The boy withdrew the sword, one of the better ones in Ainsley's collection. He'd been a bit surprised the boy had held off using it until now.

Purple arcane lightning flickered from the blade of the same hue. He swung the sword backhanded in the mantis's direction, as if the action might discharge the weapon.

Still, he was ready to deflect the mantis's charging blow with his heater shield and counter with a strike of his own. Arcane lightning coursed through the mantis, branching out to fry a nearby cluster of ants as well.

The boy hopped down from the blade of grass, then glanced at Ainsley. "You could have mentioned it would do that."

"You were doing fine," he countered with a stroke of his beard. "What of the…soldier?"

He shrugged. "A test."

"And?"

The boy gestured, again conjuring the child translator. To the girl he said, "We're in a red sector. Sentry mode. Eliminate hostiles."

The child nodded, then began staring at Ainsley.

"He's probably not a hostile, Ai," the boy added, giving Ainsley a smirk.

"Understood." The child gave an odd salute, slamming her left fist to her chest and stomping her left foot, keeping a hand on the handle of her holstered weapon, the same kind used by the other soldier.

Then, the boy smiled a bright, genuine smile. "Ai, time to meet Walker."

At his gesture mist swirled and condensed, forming an imposing man wearing a bone-white mask and armor, small, shimmering black skulls circling his head, a ragged black cloak fluttering despite the still, humid air. Most striking, however, was the oversized scythe the man held in one hand, resting the handle end on the ground like a walking staff, the sharp blade hanging ominously in the air.

"Orders?" the man rasped, his voice sounding strained, as if he hadn't drank water in days.

"We four are the only friendlies in the zone. Kill the rest."

"Understood."

Ainsley felt chills run down his spine as the bone-clad man a head taller than himself gestured at the praying mantis's corpse. Earth rose up and swallowed it whole, spilling away to leave behind two humanoid skeletons, each holding a bone white sword and shield.

Four more times he gestured at an ant corpse, each producing a single bone warrior.

"Keep it to five, for now," the boy ordered.

With a grunt the conjured necromancer, of a type unfamiliar to Ainsley, given he could create skeletons from any dead flesh, not requiring human bodies, waved his hand and one skeleton turned to dust.
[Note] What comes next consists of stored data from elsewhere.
lemma leaf_game_eq_leaf_value_ge:
  assumes "q \<le> p" "0 < p"
  shows "game_eq (leaf_game p q) (leaf_value p q)"
proof -
  consider "p = q" | "p = q + 1" | k where "p = q + k + 2"
  proof -
    obtain j where "p = q + j"
      using assms(1) le_Suc_ex by blast
    moreover consider "j = 0" | "j = 1" | k where "j = k + 2"
      by (metis add_2_eq_Suc' not0_implies_Suc One_nat_def)
    ultimately show thesis
      using that by auto
  qed
  then show ?thesis
  proof cases
    case 1
    then show ?thesis
      using assms by (auto simp: leaf_game_def leaf_value_def star2_g_def)
  next
    case 2
    have "game_eq (Game [zero_g, star2_g] [zero_g, upstar 1]) star_g"
      unfolding star_g_def
      by (intro gift_horse) (auto simp: game_ge_Game star2_g_def star_g_def zero_g_def)
    moreover have "game_eq (Game [zero_g, zero_g] [zero_g]) star_g"
      unfolding star_g_def by (intro game_eq_Game_cong) (auto simp: rel_set_def)
    ultimately show ?thesis
      using 2 by (cases "q = 0") (auto simp: leaf_game_def leaf_value_def)
  next
    case 3
    have "game_eq (Game [zero_g, upstar k] [zero_g, upstar (Suc (Suc k))]) (upstar (Suc k))"
      by (simp, intro gift_horse) (auto simp: game_ge_Game zero_g_def)
    then show ?thesis
      using 3 by (cases "q = 0") (auto simp: leaf_game_def leaf_value_def)
  qed
qed

lemma leaf_game_eq_leaf_value:
  assumes "0 < p + q"
  shows "game_eq (leaf_game p q) (leaf_value p q)"
proof (cases "q \<le> p")
  case True
  with assms show ?thesis
    by (intro leaf_game_eq_leaf_value_ge) auto
next
  case False
  then have "game_eq (leaf_game q p) (leaf_value q p)"
    by (intro leaf_game_eq_leaf_value_ge) auto
  then have "game_eq (neg (leaf_game q p)) (neg (leaf_value q p))"
    by (rule game_eq_neg)
  then show ?thesis
    by (simp only: leaf_game_swap[of q p] leaf_value_swap[of q p] neg_neg)
qed


lemma rel_set_image_insert:
  assumes "R (f a) b" "\<And>x. x \<in> S \<Longrightarrow> R (f x) c" "P \<longleftrightarrow> S \<noteq> {}"
  shows "rel_set R (f ` insert a S) (set (b # (if P then [c] else [])))"
  using assms by (auto simp: rel_set_def)

declare dgame.simps [simp del]

lemma dgame_dominated: "{..<N} \<subseteq> D \<Longrightarrow> dgame N E col D = zero_g"
  by (subst dgame.simps)
     (auto simp: zero_g_def left_moves_def right_moves_def playable_def closed_nb_def filter_empty_conv)

lemma closed_nb_star_centre: "closed_nb (Suc n) (star_edge n) 0 = {..n}"
  by (auto simp: closed_nb_def star_edge_def)

lemma closed_nb_star_leaf: "i \<in> {1..n} \<Longrightarrow> closed_nb (Suc n) (star_edge n) i = {0, i}"
  by (auto simp: closed_nb_def star_edge_def)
Curious. Some kind of hidden limitation? That was for the best. A hero producing a horde of skeletons, even if second hand, with no human bodies disturbed, would not be looked upon kindly. Even this necromancer might be too much for the masses to stomach. He'd need to warn the boy later.

Sword in hand, the boy again led the way forward, sounds of battles unseen occurring in the nearby grass around them. Often the necromancer would gesture to raise a new skeleton. Occasionally the little girl would shoot something from the air. Yet their path forward through the first level of the dungeon became unhindered.

Ainsley considered the warrior hero, his pet necromancer, and the little girl who continued to glance coldly in his own direction from time to time. Maybe he wouldn't keep the boy so close after all, when this business was done.